■ **The task**
Write out, word for word, the part of the listing below that opens with the line containing "using assms(4) by (rule" and closes with the line containing "real (card X)", keeping both of those lines and adding no others.

■ **Input**
lemma partition_fn_le_of_tail_bound:
  fixes \<beta> \<delta> r C :: real
  assumes "\<beta> \<ge> 0" "\<delta> \<ge> 0" "C \<ge> 0" "\<And>n. partition_fn_tail n \<beta> \<le> C * exp (r * n)"
  shows "partition_fn L \<beta> \<delta> \<le> 2 * C * real L * exp (max \<delta> r * L)"
proof (cases "L = 0")
  case False
  define m where "m = max \<delta> r"
  define X where "X = {-(int L - 1)..int L - 1}"
  have term_le: "exp (\<delta> * of_int \<bar>x\<bar>) * partition_fn_tail (nat (int L - 1 - \<bar>x\<bar>)) \<beta> \<le> C * exp (m * L)"
    if "x \<in> X" for x
  proof -
    define n where "n = nat (int L - 1 - \<bar>x\<bar>)"
    have n: "real n = real L - 1 - of_int \<bar>x\<bar>" using that by (auto simp: X_def n_def)
    have "\<delta> * of_int \<bar>x\<bar> + r * n \<le> m * of_int \<bar>x\<bar> + m * n"
      by (intro add_mono mult_right_mono) (auto simp: m_def)
    also have "\<dots> \<le> m * L" using assms(2) by (simp add: n m_def algebra_simps)
    finally have "exp (\<delta> * of_int \<bar>x\<bar>) * exp (r * n) \<le> exp (m * L)" by (simp flip: exp_add)
    have "exp (\<delta> * of_int \<bar>x\<bar>) * partition_fn_tail n \<beta> \<le> exp (\<delta> * of_int \<bar>x\<bar>) * (C * exp (r * n))"
      using assms(4) by (rule mult_left_mono) simp
    also have "\<dots> = C * (exp (\<delta> * of_int \<bar>x\<bar>) * exp (r * n))" by simp
    also have "\<dots> \<le> C * exp (m * L)" by (rule mult_left_mono) fact+
    finally show ?thesis by (simp add: n_def)
  qed
  have "partition_fn L \<beta> \<delta> \<le> (\<Sum>x\<in>X. exp (\<delta> * of_int \<bar>x\<bar>) * partition_fn_tail (nat (int L - 1 - \<bar>x\<bar>)) \<beta>)"
    unfolding X_def by (rule partition_fn_le_first_stretch) (use assms False in auto)
  also have "\<dots> \<le> real (card X) * (C * exp (m * L))"
    by (rule sum_bounded_above[OF term_le])
  also have "\<dots> \<le> 2 * real L * (C * exp (m * L))"
    using assms(3) by (intro mult_right_mono) (auto simp: X_def)
  finally show ?thesis by (simp add: m_def algebra_simps)
qed simp
lemma subspace_prod_eq_UNIV:
  fixes S :: "('a::real_vector \<times> 'b::real_vector) set"
  assumes "subspace S" "\<And>w. (0, w) \<in> S" "\<And>w. L w \<in> S" "surj (\<lambda>w. fst (L w))"
  shows "S = UNIV"
proof -
  have "(a, b) \<in> S" for a b
  proof -
    obtain w where "fst (L w) = a"
      using assms(4) by (metis surjD)
    then have "(a, b) = L w + (0, b - snd (L w))"
      by (simp add: prod_eq_iff)
    then show ?thesis
      using subspace_add[OF assms(1) assms(3) assms(2)] by metis
  qed
  then show ?thesis by auto
qed

theorem lemma3p6:
  fixes \<epsilon> :: real
    and U :: "real^'d::finite \<Rightarrow> real"
    and G :: "real^'d \<Rightarrow> real"
  assumes "0 < \<epsilon>" and "\<epsilon> < 1"
    and "smooth_on UNIV U"
    and "smooth_on (- {0}) G"
  shows "\<forall>z \<in> (config_domain :: ('d, 'n::finite) state set).
           span {V z | V. V \<in> lie_gen (hoermander_family
                     {dp_field i k | (i::'n) (k::'d). True}
                     (drift_field \<epsilon> U G))} = UNIV"
proof (intro ballI)
  fix z :: "('d, 'n) state"
  assume "z \<in> config_domain"
  moreover obtain q p where z: "z = (q, p)" by fastforce
  moreover have "Ck_on 2 UNIV U" "Ck_on 2 (- {0}) G"
    using assms(3,4) by (simp_all add: smooth_on_def)
  ultimately have diff: "drift_field \<epsilon> U G differentiable (at (q, p))"
    using assms(1) by (simp add: drift_field_differentiable)
  let ?s = "\<lambda>i. lorentz_factor \<epsilon> (p $ i)"
  have "surj (\<lambda>w. fst (frechet_derivative (drift_field \<epsilon> U G) (at (q, p)) (0, w)))"
  proof (rule surjI)
    fix a :: "real^'d^'n"
    show "fst (frechet_derivative (drift_field \<epsilon> U G) (at (q, p))
            (0, \<chi> i. ?s i *\<^sub>R a $ i + (\<epsilon> * ?s i * (p $ i \<bullet> a $ i)) *\<^sub>R p $ i)) = a"
      using assms(1) diff
      by (simp add: fst_frechet_derivative_drift_field relvel_deriv_right_inverse vec_eq_iff)
  qed
  then show "span {V z | V. V \<in> lie_gen (hoermander_family {dp_field i k | i k. True}
               (drift_field \<epsilon> U G))} = UNIV"
    unfolding z by (rule subspace_prod_eq_UNIV[OF subspace_span span_hoermander_dp_fields[OF diff]])
qed

end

■ **Task result**
      using assms(4) by (rule mult_left_mono) simp
    also have "\<dots> = C * (exp (\<delta> * of_int \<bar>x\<bar>) * exp (r * n))" by simp
    also have "\<dots> \<le> C * exp (m * L)" by (rule mult_left_mono) fact+
    finally show ?thesis by (simp add: n_def)
  qed
  have "partition_fn L \<beta> \<delta> \<le> (\<Sum>x\<in>X. exp (\<delta> * of_int \<bar>x\<bar>) * partition_fn_tail (nat (int L - 1 - \<bar>x\<bar>)) \<beta>)"
    unfolding X_def by (rule partition_fn_le_first_stretch) (use assms False in auto)
  also have "\<dots> \<le> real (card X) * (C * exp (m * L))"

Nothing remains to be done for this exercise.